Your goal:
A single number is wanted: how many lines of the records below contain the word "linear".

Supplied entries:
(* There is an absolute constant $K>0$ such that the following holds. Let $\mathcal U$ be a finite set, $V'\subseteq\mathbb{R}^{\mathcal U}$ a linear subspace with orthogonal projector $\Pi_{V'}$, and $c>0$ such that there is a polynomial $S$ in the variables $(f(u))_{u\in\mathcal U}$ which is a sum of squares of polynomials, of degree at most $4$, with the polynomial identity $\|\Pi_{V'}f\|_4^4=c^4\|\Pi_{V'}f\|_2^4-S(f)$. Let $f_0\in\mathbb{R}^{\mathcal U}$ be orthogonal to $V'$ with $\|f_0\|_2=1$ and $\|f_0\|_4=C>100c$, and let $V=\mathrm{span}(V'\cup\{f_0\})$. Let $\tilde{\mathbb{E}}$ be a level-$\ell$ pseudoexpectation, $\ell\ge8$, over the variables $(f(u))_{u\in\mathcal U}$ such that: $\tilde{\mathbb{E}}[L(f)Q(f)]=0$ for every linear form $L$ vanishing on $V$ and every polynomial $Q$ of degree at most $\ell-1$; $\tilde{\mathbb{E}}[(\|f\|_2^2-1)Q(f)]=0$ for every polynomial $Q$ of degree at most $\ell-2$; and $\tilde{\mathbb{E}}\|f\|_4^4\ge C^4$. Then $\tilde{\mathbb{E}}\langle f,f_0\rangle^2\ge1-Kc/C$. (In particular this holds when $\tilde{\mathbb{E}}$ is the expectation of a probability distribution over unit-norm $f\in V$ with $\|f\|_4\ge C$.)
   Context: Norms and inner products on $\mathbb{R}^{\mathcal U}$ use the uniform (expectation) measure: $\langle g,h\rangle=\mathbb{E}_{u}g(u)h(u)$, $\|g\|_p=(\mathbb{E}_u|g(u)|^p)^{1/p}$. A level-$\ell$ pseudoexpectation is a linear functional $\tilde{\mathbb{E}}$ on real polynomials of degree at most $\ell$ in the given variables such that $\tilde{\mathbb{E}}1=1$ and $\tilde{\mathbb{E}}P^2\ge0$ for every polynomial $P$ of degree at most $\ell/2$. *)

theory Defs
  imports "HOL-Analysis.Analysis"
begin

text \<open>The finite index set U is represented as a finite set of naturals (any finite set can be
relabelled this way); vectors in R^U are functions nat => real, of which only the values on U matter.
Norms and inner products use the uniform (expectation) measure on U.\<close>

definition ipU :: "nat set \<Rightarrow> (nat \<Rightarrow> real) \<Rightarrow> (nat \<Rightarrow> real) \<Rightarrow> real" where
  "ipU U g h = (\<Sum>u\<in>U. g u * h u) / real (card U)"

definition norm2U :: "nat set \<Rightarrow> (nat \<Rightarrow> real) \<Rightarrow> real" where
  "norm2U U g = sqrt ((\<Sum>u\<in>U. (g u)^2) / real (card U))"

definition norm4U :: "nat set \<Rightarrow> (nat \<Rightarrow> real) \<Rightarrow> real" where
  "norm4U U g = root 4 ((\<Sum>u\<in>U. (g u)^4) / real (card U))"

definition RU :: "nat set \<Rightarrow> (nat \<Rightarrow> real) set" where
  "RU U = {g. \<forall>u. u \<notin> U \<longrightarrow> g u = 0}"

definition subspaceF :: "(nat \<Rightarrow> real) set \<Rightarrow> bool" where
  "subspaceF W \<longleftrightarrow> (\<lambda>u. 0) \<in> W \<and>
     (\<forall>g\<in>W. \<forall>h\<in>W. (\<lambda>u. g u + h u) \<in> W) \<and> (\<forall>t. \<forall>g\<in>W. (\<lambda>u. t * g u) \<in> W)"

definition spanF :: "(nat \<Rightarrow> real) set \<Rightarrow> (nat \<Rightarrow> real) set" where
  "spanF S = {g. \<exists>A a. finite A \<and> A \<subseteq> S \<and> g = (\<lambda>u. \<Sum>v\<in>A. a v * v u)}"

definition projU :: "nat set \<Rightarrow> (nat \<Rightarrow> real) set \<Rightarrow> (nat \<Rightarrow> real) \<Rightarrow> (nat \<Rightarrow> real)" where
  "projU U W f = (THE g. g \<in> W \<and> (\<forall>w\<in>W. ipU U (\<lambda>u. f u - g u) w = 0))"

definition polyfun :: "nat set \<Rightarrow> nat \<Rightarrow> ((nat \<Rightarrow> real) \<Rightarrow> real) \<Rightarrow> bool" where
  "polyfun U d p \<longleftrightarrow> (\<exists>A (a :: (nat \<Rightarrow> nat) \<Rightarrow> real). finite A \<and>
      (\<forall>\<alpha>\<in>A. (\<Sum>u\<in>U. \<alpha> u) \<le> d) \<and>
      p = (\<lambda>x. \<Sum>\<alpha>\<in>A. a \<alpha> * (\<Prod>u\<in>U. x u ^ \<alpha> u)))"
theorem corollary3:
  fixes a :: "nat \<Rightarrow> real" and L :: real
  assumes coeff_bound: "\<And>i. -1 < a i \<and> a i < 1"
    and abs_summable: "summable (\<lambda>i. \<bar>a i\<bar>)"
    and abs_sum_le: "(\<Sum>i. \<bar>a i\<bar>) \<le> 1"
    and lim0: "(\<lambda>n. (pser a ^^ n) 0) \<longlonglongrightarrow> L"
  shows "\<forall>t\<in>{-1<..<1}. (\<lambda>n. (pser a ^^ n) t) \<longlonglongrightarrow> L"
proof
  interpret subunit_pser a
    by unfold_locales (use coeff_bound abs_summable abs_sum_le in \<open>auto simp: abs_less_iff\<close>)
  fix t :: real
  assume "t \<in> {-1<..<1}"
  then have t: "\<bar>t\<bar> < 1"
    by auto
  have "\<bar>L\<bar> \<le> 1"
    by (rule LIMSEQ_le_const2[OF tendsto_rabs[OF lim0]])
      (use abs_funpow_pser_lt_1[of 0] in \<open>auto intro: less_imp_le\<close>)
  then consider "\<bar>L\<bar> = 1" | "\<bar>L\<bar> < 1"
    by linarith
  then show "(\<lambda>n. (pser a ^^ n) t) \<longlonglongrightarrow> L"
  proof cases
    case 1
    have "pdist t 0 = \<bar>t\<bar>"
      by (simp add: pdist_def)
    then have bounded: "pdist ((pser a ^^ n) t) ((pser a ^^ n) 0) \<le> \<bar>t\<bar>" for n
      using pdist_funpow_pser_le[OF t, of 0 n] by simp
    show ?thesis
      by (rule tendsto_boundary_if_pdist_bounded[OF lim0 1 _ _ bounded])
        (simp_all add: abs_funpow_pser_lt_1 t)
  next
    case 2
    have "pser a L = L"
      by (rule fixed_point_if_funpow_tendsto[OF lim0 isCont_pser[OF summable_abs 2]])
    with 2 show ?thesis
      by (intro funpow_tendsto_attracting_fixed_point abs_pser_lt_1 isCont_pser[OF summable_abs]
          pdist_pser_less_fixed_point t)
  qed
qed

Written solution:
2